Has anyone used this service ?

If so, when printing a Return label in store, is there a fee for printing the label on top of the cost of delivery?


----------



## Darlofan (Nov 24, 2010)

Used Hermes shops for years without a problem. Not used printing service yet though so not sure about charges.


----------



## Steveom2 (Jul 29, 2018)

Demented said:


> Has anyone used this service ?
> 
> If so, when printing a Return label in store, is there a fee for printing the label on top of the cost of delivery?


Used this service yesterday 👍 drop off parcel, shops have a QR reader to scan the code they have sent you,the shop prints label and places on parcel and best of all it's FREE 👌
Brilliant service


----------



## Darlofan (Nov 24, 2010)

Steve0rs6 said:


> Used this service yesterday 👍 drop off parcel, shops have a QR reader to scan the code they have sent you,the shop prints label and places on parcel and best of all it's FREE 👌
> Brilliant service


That'll be good, pain for me as I have to send label to my work computer to print it out.


----------



## Steveom2 (Jul 29, 2018)

Darlofan said:


> That'll be good, pain for me as I have to send label to my work computer to print it out.

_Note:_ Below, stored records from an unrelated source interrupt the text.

text \<open>quotient topology on E(R) (X(A) carries the subspace topology of A^N)\<close>
definition Etop :: "nat \<Rightarrow> ('r::comm_ring_1) Eelt topology" where
  "Etop p = topology (\<lambda>U. U \<subseteq> carrier (E p) \<and>
                        openin (subtopology seq_top (Xgrp p)) (\<Union>U))"

definition cring_hom :: "('r::comm_ring_1 \<Rightarrow> 's::comm_ring_1) \<Rightarrow> bool" where
  "cring_hom f \<longleftrightarrow> f 0 = 0 \<and> f 1 = 1 \<and> (\<forall>x y. f (x + y) = f x + f y)
      \<and> (\<forall>x y. f (x * y) = f x * f y)"

definition Zmap :: "('r \<Rightarrow> 's) \<Rightarrow> 'r zpoly \<Rightarrow> 's zpoly" where
  "Zmap f = peval (\<lambda>x. pvar (f x))"

definition Emap :: "nat \<Rightarrow> ('r::comm_ring_1 \<Rightarrow> 's::comm_ring_1) \<Rightarrow> 'r Eelt \<Rightarrow> 's Eelt" where
  "Emap p f C = {(\<lambda>i. Zmap f (c i) + y i) | c y. c \<in> C \<and> y \<in> XIgrp p}"

definition filt_complete :: "('a, 'm) monoid_scheme \<Rightarrow> ('a \<Rightarrow> 'a) \<Rightarrow> bool" where
  "filt_complete G V \<longleftrightarrow>
     (\<Inter>n. (V ^^ n) ` carrier G) = {\<one>\<^bsub>G\<^esub>} \<and>
     (\<forall>x :: nat \<Rightarrow> 'a.
        (\<forall>n. x n \<in> carrier G \<and> x (Suc n) \<otimes>\<^bsub>G\<^esub> inv\<^bsub>G\<^esub> (x n) \<in> (V ^^ n) ` carrier G)
        \<longrightarrow> (\<exists>y\<in>carrier G. \<forall>n. y \<otimes>\<^bsub>G\<^esub> inv\<^bsub>G\<^esub> (x n) \<in> (V ^^ n) ` carrier G))"

end

theory Submission
  imports Defs
begin

text \<open>
  Everything is computed on representatives: \<open>E(R)\<close> is the quotient of the closed subgroup
  \<open>X(A)\<close> of \<open>A\<^sup>\<nat>\<close>, \<open>A = \<int>[R]\<close>, by \<open>X\<^sub>I(A)\<close>. A generator \<open>V\<^sup>n\<langle>b\<rangle>\<close> of \<open>X(A)\<close> is
  congruent modulo \<open>X\<^sub>I(A)\<close> to \<open>V\<^sup>n\<langle>[b\<^sub>R]\<rangle>\<close>, where \<open>b\<^sub>R\<close> is the image of \<open>b\<close> in \<open>R\<close>,
  so the classes \<open>V\<^sup>n\<langle>x\<rangle>\<close> generate \<open>E(R)\<close> topologically. Modulo \<open>X\<^sub>I(A)\<close> the element
  \<open>V\<langle>x\<^sup>p\<rangle> - p\<langle>x\<rangle>\<close> is represented by \<open>(-p[x], 0, 0, \<dots>)\<close>, which is additive in \<open>x\<close>
  because \<open>[x + y] - [x] - [y]\<close> lies in \<open>I\<close>. Since \<open>V\<^sup>k\<close> shifts a sequence past its first
  \<open>k\<close> entries, series \<open>\<Sum>\<^sub>k V\<^sup>k z\<^sub>k\<close> converge entrywise, and the closedness of \<open>X(A)\<close> and
  \<open>X\<^sub>I(A)\<close> gives completeness.

  For torsion-freeness, every \<open>x \<in> X(A)\<close> satisfies Dwork's congruences
  \<open>x\<^sub>n\<^sub>+\<^sub>1 \<equiv> \<phi>(x\<^sub>n)\<close> modulo \<open>p\<^sup>n\<^sup>+\<^sup>1\<close> for the Frobenius lift \<open>\<phi>[x] = [x]\<^sup>p\<close>. If \<open>p x\<close> lies
  in \<open>X\<^sub>I(A)\<close> and \<open>R\<close> has no \<open>p\<close>-torsion, all entries of \<open>x\<close> lie in \<open>I\<close>; such a Dwork
  sequence splits as \<open>\<langle>x\<^sub>0\<rangle> + V y\<close> with \<open>y\<close> of the same kind, as \<open>\<int>[R]\<close> has no \<open>p\<close>-torsion
  either, so by iteration \<open>x\<close> lies in the closure of \<open>X\<^sub>I(A)\<close>.
\<close>

section \<open>Evaluation of integer polynomials\<close>

definition monom_eval :: "('r \<Rightarrow> 'b::comm_ring_1) \<Rightarrow> ('r \<Rightarrow>\<^sub>0 nat) \<Rightarrow> 'b" where
  "monom_eval \<phi> m = (\<Prod>v\<in>Poly_Mapping.keys m. \<phi> v ^ Poly_Mapping.lookup m v)"

lemma monom_eval_eq_prod:
  assumes "finite S" "Poly_Mapping.keys m \<subseteq> S"
  shows "monom_eval \<phi> m = (\<Prod>v\<in>S. \<phi> v ^ Poly_Mapping.lookup m v)"
  unfolding monom_eval_def
  by (rule prod.mono_neutral_left[OF assms]) (auto simp: in_keys_iff)

lemma monom_eval_add: "monom_eval \<phi> (m + n) = monom_eval \<phi> m * monom_eval \<phi> n"
proof -
  let ?S = "Poly_Mapping.keys m \<union> Poly_Mapping.keys n"
  have "monom_eval \<phi> (m + n) = (\<Prod>v\<in>?S. \<phi> v ^ Poly_Mapping.lookup (m + n) v)"
    by (rule monom_eval_eq_prod) (use keys_add[of m n] in auto)
  also have "\<dots> = (\<Prod>v\<in>?S. \<phi> v ^ Poly_Mapping.lookup m v) * (\<Prod>v\<in>?S. \<phi> v ^ Poly_Mapping.lookup n v)"
    by (simp add: lookup_add power_add prod.distrib)
  also have "\<dots> = monom_eval \<phi> m * monom_eval \<phi> n"
    by (subst (1 2) monom_eval_eq_prod[of ?S]) auto
  finally show ?thesis .
qed

lemma peval_eq_sum_monom_eval:
  "peval \<phi> P = (\<Sum>m\<in>Poly_Mapping.keys P. of_int (Poly_Mapping.lookup P m) * monom_eval \<phi> m)"
  by (simp add: peval_def monom_eval_def)

lemma peval_eq_sum:
  assumes "finite S" "Poly_Mapping.keys P \<subseteq> S"
  shows "peval \<phi> P = (\<Sum>m\<in>S. of_int (Poly_Mapping.lookup P m) * monom_eval \<phi> m)"
  unfolding peval_eq_sum_monom_eval
  by (rule sum.mono_neutral_left[OF assms]) (auto simp: in_keys_iff)

lemma peval_add: "peval \<phi> (P + Q) = peval \<phi> P + peval \<phi> Q"
proof -
  let ?S = "Poly_Mapping.keys P \<union> Poly_Mapping.keys Q"
  have "peval \<phi> (P + Q) = (\<Sum>m\<in>?S. of_int (Poly_Mapping.lookup (P + Q) m) * monom_eval \<phi> m)"
    by (rule peval_eq_sum) (use keys_add[of P Q] in auto)
  also have "\<dots> = (\<Sum>m\<in>?S. of_int (Poly_Mapping.lookup P m) * monom_eval \<phi> m)
                + (\<Sum>m\<in>?S. of_int (Poly_Mapping.lookup Q m) * monom_eval \<phi> m)"
    by (simp add: lookup_add distrib_right sum.distrib)
  also have "\<dots> = peval \<phi> P + peval \<phi> Q"
    by (subst (1 2) peval_eq_sum[of ?S]) auto
  finally show ?thesis .
qed

lemma peval_zero [simp]: "peval \<phi> 0 = 0"
  by (simp add: peval_def)

lemma peval_single: "peval \<phi> (Poly_Mapping.single m c) = of_int c * monom_eval \<phi> m"
  by (simp add: peval_eq_sum_monom_eval)

lemma peval_sum: "peval \<phi> (sum f S) = (\<Sum>x\<in>S. peval \<phi> (f x))"
  by (induction S rule: infinite_finite_induct) (auto simp: peval_add)

lemma poly_mapping_sum_single:
  "P = (\<Sum>m\<in>Poly_Mapping.keys P. Poly_Mapping.single m (Poly_Mapping.lookup P m))"
  by (rule poly_mapping_eqI) (auto simp: lookup_sum lookup_single when_def in_keys_iff)

lemma peval_mult: "peval \<phi> (P * Q) = peval \<phi> P * peval \<phi> Q"
proof -
  let ?sP = "\<lambda>m. Poly_Mapping.single m (Poly_Mapping.lookup P m)"
  let ?sQ = "\<lambda>m. Poly_Mapping.single m (Poly_Mapping.lookup Q m)"
  have "P * Q = (\<Sum>k\<in>Poly_Mapping.keys P. ?sP k) * (\<Sum>l\<in>Poly_Mapping.keys Q. ?sQ l)"
    by (simp flip: poly_mapping_sum_single)
  also have "\<dots> = (\<Sum>k\<in>Poly_Mapping.keys P. \<Sum>l\<in>Poly_Mapping.keys Q. ?sP k * ?sQ l)"
    by (rule sum_product)
  finally have "peval \<phi> (P * Q)
      = (\<Sum>k\<in>Poly_Mapping.keys P. \<Sum>l\<in>Poly_Mapping.keys Q. peval \<phi> (?sP k * ?sQ l))"
    by (simp add: peval_sum)
  also have "\<dots> = (\<Sum>k\<in>Poly_Mapping.keys P. \<Sum>l\<in>Poly_Mapping.keys Q. peval \<phi> (?sP k) * peval \<phi> (?sQ l))"
    by (simp add: mult_single peval_single monom_eval_add mult_ac)
  also have "\<dots> = (\<Sum>k\<in>Poly_Mapping.keys P. peval \<phi> (?sP k)) * (\<Sum>l\<in>Poly_Mapping.keys Q. peval \<phi> (?sQ l))"
    by (rule sum_product[symmetric])
  also have "\<dots> = peval \<phi> P * peval \<phi> Q"
    by (simp only: peval_sum[symmetric] poly_mapping_sum_single[symmetric])
  finally show ?thesis .
qed

lemma peval_one [simp]: "peval \<phi> 1 = 1"
  by (simp add: peval_def)

lemma peval_pvar [simp]: "peval \<phi> (pvar v) = \<phi> v"
  by (simp add: pvar_def peval_single monom_eval_def)

lemma cring_hom_peval: "cring_hom (peval \<phi>)"
  by (simp add: cring_hom_def peval_add peval_mult)

lemma cring_hom_zero: "cring_hom f \<Longrightarrow> f 0 = 0"
  by (simp add: cring_hom_def)

lemma cring_hom_one: "cring_hom f \<Longrightarrow> f 1 = 1"
  by (simp add: cring_hom_def)

lemma cring_hom_add: "cring_hom f \<Longrightarrow> f (x + y) = f x + f y"
  by (simp add: cring_hom_def)

lemma cring_hom_mult: "cring_hom f \<Longrightarrow> f (x * y) = f x * f y"
  by (simp add: cring_hom_def)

Me too 😩 brilliant idea by them 👍


----------



## Demented (Nov 3, 2014)

Thanks Steve0rs6.... Good to know.

I have to pay return postage and I wasn’t sure whether there was an additional fee to pay in store; just for printing the label. 

Thanks


----------



## beambeam (Mar 16, 2007)

Recently used this service a dozen times and it's been faultless even when sending stuff to Germany. I use the Parcel2Go app to get best prices and Hermes always comes out cheaper for me.


----------



## Peirre (Jun 29, 2015)

My Hermes delivery in my area are horrendous due to the over use of pensioners driving parcel filled family cars who are trying to make a little extra money. But when they realise they only get 40p a parcel and are not covered for commercial work on their car insurance they soon loose interest


----------